WORK ITEM —
Write out the data below in full, please. Keep every character as given.

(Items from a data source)
lemma nn_integral_abs_inner_power_le_two:
  fixes M :: "'a::euclidean_space measure"
  assumes "prob_space M" and "sets M = sets borel"
    and "real k \<le> t" and "moment_dir M w t \<le> 1"
  shows "(\<integral>\<^sup>+ x. ennreal (\<bar>w \<bullet> x\<bar> ^ k) \<partial>M) \<le> 2"
proof -
  interpret prob_space M by fact
  note [measurable] = borel_measurable_inner_sets_borel[OF assms(2)]
  have "(\<integral>\<^sup>+ x. ennreal (\<bar>w \<bullet> x\<bar> ^ k) \<partial>M) \<le> (\<integral>\<^sup>+ x. 1 + ennreal (\<bar>w \<bullet> x\<bar> powr t) \<partial>M)"
  proof (intro nn_integral_mono)
    fix x
    have "ennreal (\<bar>w \<bullet> x\<bar> ^ k) \<le> ennreal (1 + \<bar>w \<bullet> x\<bar> powr t)"
      using power_le_one_plus_powr[OF abs_ge_zero assms(3)] by (rule ennreal_leI)
    then show "ennreal (\<bar>w \<bullet> x\<bar> ^ k) \<le> 1 + ennreal (\<bar>w \<bullet> x\<bar> powr t)"
      by simp
  qed
  also have "\<dots> = 1 + moment_dir M w t"
    by (simp add: nn_integral_add moment_dir_def emeasure_space_1)
  also have "\<dots> \<le> 1 + 1"
    using assms(4) by (rule add_left_mono)
  finally show ?thesis by simp
qed

lemma nn_integral_abs_inner_power_le_regular:
  fixes M :: "'a::euclidean_space measure"
  assumes "regular \<alpha> M" and "0 \<le> \<alpha>" and "2 \<le> t" and "t \<le> real k"
    and "moment_dir M w t \<le> 1"
  shows "(\<integral>\<^sup>+ x. ennreal (\<bar>w \<bullet> x\<bar> ^ k) \<partial>M) \<le> ennreal ((\<alpha> * k / t) ^ k)"
proof -
  have "k \<noteq> 0" using assms(3,4) by auto
  then have integral_eq: "(\<integral>\<^sup>+ x. ennreal (\<bar>w \<bullet> x\<bar> ^ k) \<partial>M) = moment_dir M w k"
    by (simp add: moment_dir_def powr_realpow')
  have "moment_dir M w t < \<infinity>"
    using assms(5) by (simp add: order_le_less_trans)
  with assms(1,3,4) have finite: "moment_dir M w k < \<infinity>"
    and root_le: "enn2real (moment_dir M w k) powr (1/k)
        \<le> \<alpha> * (k/t) * enn2real (moment_dir M w t) powr (1/t)"
    unfolding regular_def by auto
  have "enn2real (moment_dir M w k) powr (1/k) \<le> \<alpha> * (k/t) * 1"
  proof (rule order_trans[OF root_le], intro mult_left_mono)
    show "enn2real (moment_dir M w t) powr (1/t) \<le> 1"
      using assms(3,5) by (intro powr_le1) (auto intro: enn2real_leI)
  qed (use assms(2,3) in auto)
  then have "(enn2real (moment_dir M w k) powr (1/k)) ^ k \<le> (\<alpha> * k / t) ^ k"
    by (intro power_mono) auto
  then have "enn2real (moment_dir M w k) \<le> (\<alpha> * k / t) ^ k"
    using \<open>k \<noteq> 0\<close> by (simp add: powr_powr flip: powr_realpow')
  then have "ennreal (enn2real (moment_dir M w k)) \<le> ennreal ((\<alpha> * k / t) ^ k)"
    by (rule ennreal_leI)
  then show ?thesis
    using finite by (simp add: integral_eq)
qed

RESPONSE BOX —
lemma nn_integral_abs_inner_power_le_two:
  fixes M :: "'a::euclidean_space measure"
  assumes "prob_space M" and "sets M = sets borel"
    and "real k \<le> t" and "moment_dir M w t \<le> 1"
  shows "(\<integral>\<^sup>+ x. ennreal (\<bar>w \<bullet> x\<bar> ^ k) \<partial>M) \<le> 2"
proof -
  interpret prob_space M by fact
  note [measurable] = borel_measurable_inner_sets_borel[OF assms(2)]
  have "(\<integral>\<^sup>+ x. ennreal (\<bar>w \<bullet> x\<bar> ^ k) \<partial>M) \<le> (\<integral>\<^sup>+ x. 1 + ennreal (\<bar>w \<bullet> x\<bar> powr t) \<partial>M)"
  proof (intro nn_integral_mono)
    fix x
    have "ennreal (\<bar>w \<bullet> x\<bar> ^ k) \<le> ennreal (1 + \<bar>w \<bullet> x\<bar> powr t)"
      using power_le_one_plus_powr[OF abs_ge_zero assms(3)] by (rule ennreal_leI)
    then show "ennreal (\<bar>w \<bullet> x\<bar> ^ k) \<le> 1 + ennreal (\<bar>w \<bullet> x\<bar> powr t)"
      by simp
  qed
  also have "\<dots> = 1 + moment_dir M w t"
    by (simp add: nn_integral_add moment_dir_def emeasure_space_1)
  also have "\<dots> \<le> 1 + 1"
    using assms(4) by (rule add_left_mono)
  finally show ?thesis by simp
qed

lemma nn_integral_abs_inner_power_le_regular:
  fixes M :: "'a::euclidean_space measure"
  assumes "regular \<alpha> M" and "0 \<le> \<alpha>" and "2 \<le> t" and "t \<le> real k"
    and "moment_dir M w t \<le> 1"
  shows "(\<integral>\<^sup>+ x. ennreal (\<bar>w \<bullet> x\<bar> ^ k) \<partial>M) \<le> ennreal ((\<alpha> * k / t) ^ k)"
proof -
  have "k \<noteq> 0" using assms(3,4) by auto
  then have integral_eq: "(\<integral>\<^sup>+ x. ennreal (\<bar>w \<bullet> x\<bar> ^ k) \<partial>M) = moment_dir M w k"
    by (simp add: moment_dir_def powr_realpow')
  have "moment_dir M w t < \<infinity>"
    using assms(5) by (simp add: order_le_less_trans)
  with assms(1,3,4) have finite: "moment_dir M w k < \<infinity>"
    and root_le: "enn2real (moment_dir M w k) powr (1/k)
        \<le> \<alpha> * (k/t) * enn2real (moment_dir M w t) powr (1/t)"
    unfolding regular_def by auto
  have "enn2real (moment_dir M w k) powr (1/k) \<le> \<alpha> * (k/t) * 1"
  proof (rule order_trans[OF root_le], intro mult_left_mono)
    show "enn2real (moment_dir M w t) powr (1/t) \<le> 1"
      using assms(3,5) by (intro powr_le1) (auto intro: enn2real_leI)
  qed (use assms(2,3) in auto)
  then have "(enn2real (moment_dir M w k) powr (1/k)) ^ k \<le> (\<alpha> * k / t) ^ k"
    by (intro power_mono) auto
  then have "enn2real (moment_dir M w k) \<le> (\<alpha> * k / t) ^ k"
    using \<open>k \<noteq> 0\<close> by (simp add: powr_powr flip: powr_realpow')
  then have "ennreal (enn2real (moment_dir M w k)) \<le> ennreal ((\<alpha> * k / t) ^ k)"
    by (rule ennreal_leI)
  then show ?thesis
    using finite by (simp add: integral_eq)
qed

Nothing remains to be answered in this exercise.